На мраморной плите уже было высечено имя моей матери:
ЭДЬЕН ДЖЕРРЕТ ДИДИОН
30 МАЯ 1910 — 15 МАЯ 2001
На мраморной плите уже было высечено имя Джона:
ДЖОН ГРЕГОРИ ДАНН
25 МАЯ 1932 — 30 ДЕКАБРЯ 2003
Ниже оставалось место для двух имен.
Теперь — только для одного.
После того как я поместила урну с прахом матери в углубление за мраморной плитой в стене собора Св. Иоанна Богослова, мне почти месяц не давал покоя один и тот же сон. Он преследовал меня и после того, как я поместила туда урну с прахом Джона. Во сне всегда было шесть вечера — час, когда колокола своим звоном извещают об окончании вечерни и двери собора запираются на замок.

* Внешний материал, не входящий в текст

lemma conj_fun_ge_smooth:
  assumes sm: "smooth_with (1 / \<gamma>) f" and \<gamma>: "\<gamma> > 0"
  shows "ereal (w * z - f z + \<gamma> / 2 * (w - deriv f z)^2) \<le> conj_fun f w"
proof -
  define x where "x = z + \<gamma> * (w - deriv f z)"
  have "f x \<le> f z + deriv f z * (x - z) + (1 / \<gamma>) / 2 * (x - z)^2"
    by (rule smooth_with_descent[OF sm])
  moreover have "(1 / \<gamma>) / 2 * (x - z)^2 = \<gamma> / 2 * (w - deriv f z)^2"
    unfolding x_def using \<gamma> by (simp add: power2_eq_square field_simps)
  moreover have "w * x - deriv f z * (x - z) = w * z + \<gamma> * (w - deriv f z)^2"
    unfolding x_def by (simp add: power2_eq_square algebra_simps)
  ultimately have "w * z - f z + \<gamma> / 2 * (w - deriv f z)^2 \<le> w * x - f x" by linarith
  also have "ereal (w * x - f x) \<le> conj_fun f w" unfolding conj_fun_def by (rule SUP_upper) simp
  finally show ?thesis by simp
qed

lemma deriv_add_linear_surj:
  assumes cv: "convex_on UNIV f" and sm: "smooth_with L f" and L: "L \<ge> 0" and \<tau>: "\<tau> > 0"
  obtains z where "deriv f z + \<tau> * z = u"
proof -
  define \<phi> where "\<phi> z = deriv f z + \<tau> * z" for z
  define a where "a = min 0 ((u - deriv f 0) / \<tau>)"
  define b where "b = max 0 ((u - deriv f 0) / \<tau>)"
  have "deriv f a \<le> deriv f 0" "deriv f 0 \<le> deriv f b"
    by (intro convex_smooth_deriv_mono[OF cv sm]; simp add: a_def b_def)+
  moreover have "\<tau> * a \<le> u - deriv f 0" "u - deriv f 0 \<le> \<tau> * b"
    using \<tau> by (auto simp: a_def b_def min_def max_def field_simps)
  ultimately have "\<phi> a \<le> u" "u \<le> \<phi> b" unfolding \<phi>_def by linarith+
  moreover have "continuous_on {a..b} \<phi>"
    unfolding \<phi>_def
    by (intro continuous_intros continuous_on_subset[OF smooth_with_continuous_deriv[OF sm L]]) simp
  ultimately obtain z where "\<phi> z = u"
    using IVT'[of \<phi> a u b] by (force simp: a_def b_def)
  thus thesis using that unfolding \<phi>_def by blast
qed
lemma F1_ext_extremal:
  fixes L1 L2 :: real
  assumes L1: "L1 \<ge> 0" and L2: "L2 > 1"
  defines "G1 \<equiv> (\<lambda>z::complex. - complex_of_real L1)"
    and "H1 \<equiv> (\<lambda>z. complex_of_real (L2\<^sup>2) * z + complex_of_real (L2 ^ 3 - L2) * Ln (1 - z / complex_of_real L2))"
  shows "G1 holomorphic_on ball 0 1 \<and> H1 holomorphic_on ball 0 1 \<and> H1 0 = 0 \<and> deriv H1 0 = 1 \<and>
        (\<forall>z\<in>ball 0 1. cmod (G1 z + z * deriv G1 z) \<le> L1) \<and>
        (\<forall>z\<in>ball 0 1. cmod (deriv H1 z) < L2) \<and>
        (\<forall>z. F1_ext L1 L2 z = complex_of_real ((cmod z)\<^sup>2) * G1 z + H1 z)"
proof (intro conjI ballI allI)
  have dH: "deriv H1 z = of_real L2 * (1 - of_real L2 * z) / (of_real L2 - z)" if "cmod z < 1" for z
    unfolding H1_def using extremal_H1_deriv[OF L2 that] by (rule DERIV_imp_deriv)
  show "G1 holomorphic_on ball 0 1" unfolding G1_def by simp
  show "H1 holomorphic_on ball 0 1"
    unfolding holomorphic_on_def field_differentiable_def H1_def
    using has_field_derivative_at_within[OF extremal_H1_deriv[OF L2]] by fastforce
  show "H1 0 = 0" unfolding H1_def by simp
  show "deriv H1 0 = 1" using dH[of 0] L2 by simp
  show "cmod (G1 z + z * deriv G1 z) \<le> L1" for z unfolding G1_def using L1 by simp
  show "cmod (deriv H1 z) < L2" if "z \<in> ball 0 1" for z
  proof -
    have z: "cmod z < 1" using that by simp
    have "(Re z)\<^sup>2 + (Im z)\<^sup>2 < 1" using z by (simp add: cmod_power2[symmetric] power_less_one_iff)
    then have "(L2\<^sup>2 - 1) * ((Re z)\<^sup>2 + (Im z)\<^sup>2) < (L2\<^sup>2 - 1) * 1"
      using L2 by (intro mult_strict_left_mono) (auto simp: power2_eq_square less_1_mult)
    then have "(1 - L2 * Re z)\<^sup>2 + (L2 * Im z)\<^sup>2 < (L2 - Re z)\<^sup>2 + (Im z)\<^sup>2"
      by (simp add: power2_eq_square algebra_simps)
    then have "(cmod (1 - of_real L2 * z))\<^sup>2 < (cmod (of_real L2 - z))\<^sup>2"
      by (simp add: cmod_power2)
    then have lt: "cmod (1 - of_real L2 * z) < cmod (of_real L2 - z)"
      by (meson norm_ge_zero power2_less_imp_less)
    then have "L2 * cmod (1 - of_real L2 * z) / cmod (of_real L2 - z) < L2"
      using L2 by (simp add: divide_less_eq)
    then show ?thesis using dH[OF z] L2 by (simp add: norm_mult norm_divide)
  qed
  show "F1_ext L1 L2 z = complex_of_real ((cmod z)\<^sup>2) * G1 z + H1 z" for z
    unfolding F1_ext_eq_biharmonic_map G1_def H1_def biharmonic_map_def ..
qed

lemma F1_ext_of_real:
  assumes "L2 > 1" "x < L2"
  shows "F1_ext L1 L2 (complex_of_real x) = complex_of_real (sigma1_fun L1 L2 x)"
proof -
  have "Ln (1 - complex_of_real x / complex_of_real L2) = Ln (complex_of_real (1 - x / L2))" by simp
  also have "\<dots> = complex_of_real (ln (1 - x / L2))"
    by (rule Ln_of_real) (use assms in \<open>simp add: field_simps\<close>)
  finally show ?thesis unfolding F1_ext_def sigma1_fun_def pick_growth_def by (simp add: power2_eq_square)
qed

Во сне я отчетливо слышала колокольный звон.
Во сне я видела, как собор погружается во мрак, как запираются двери.
Дальнейшее можете себе представить.
Я старалась не думать об этом сне, когда выходила из собора, поместив урну с прахом Кинтаны в углубление за мраморной плитой.
Я дала себе слово не сбавлять темп.
«Не сбавлять темп» стало моим девизом.
Хотя понятия не имела, что будет, если сбавлю.
Понятия не имела, как его не сбавлять.
Наивно считала, что главное — не сидеть на месте, менять обстановку, жить по гостиницам, мотаться по аэропортам.
Попробовала.
Уже через неделю после захоронения урны в стене собора Св. Иоанна Богослова я слетала в Бостон, в Даллас и в Миннеаполис на встречи с читателями, приуроченные к выходу моей книги «Год магического мышления». На следующей неделе (вновь на встречи с читателями и все еще думая, что «не сбавлять темп» значит «менять обстановку») я слетала сначала в Вашингтон, а потом в турне по маршруту Сан-Франциско — Лос-Анджелес — Денвер — Сиэтл — Чикаго — Торонто — Палм-Спрингс, где осталась на День благодарения у брата. В ходе этой поездки стало понятно: чтобы «не сбавлять темп», одной перемены обстановки недостаточно, нужны еще какие-то меры, и я приняла предложение Скотта Рудина
[73] переработать «Год магического мышления» в моноспектакль, с тем чтобы Скотт его спродюсировал, а Дэвид Хэйр
[74] поставил на Бродвее.
Скотт, Дэвид и я впервые встретились для обсуждения замысла через месяц после Рождества.
За неделю до Пасхи в крошечном театре на Западной Сорок второй улице состоялась первая читка.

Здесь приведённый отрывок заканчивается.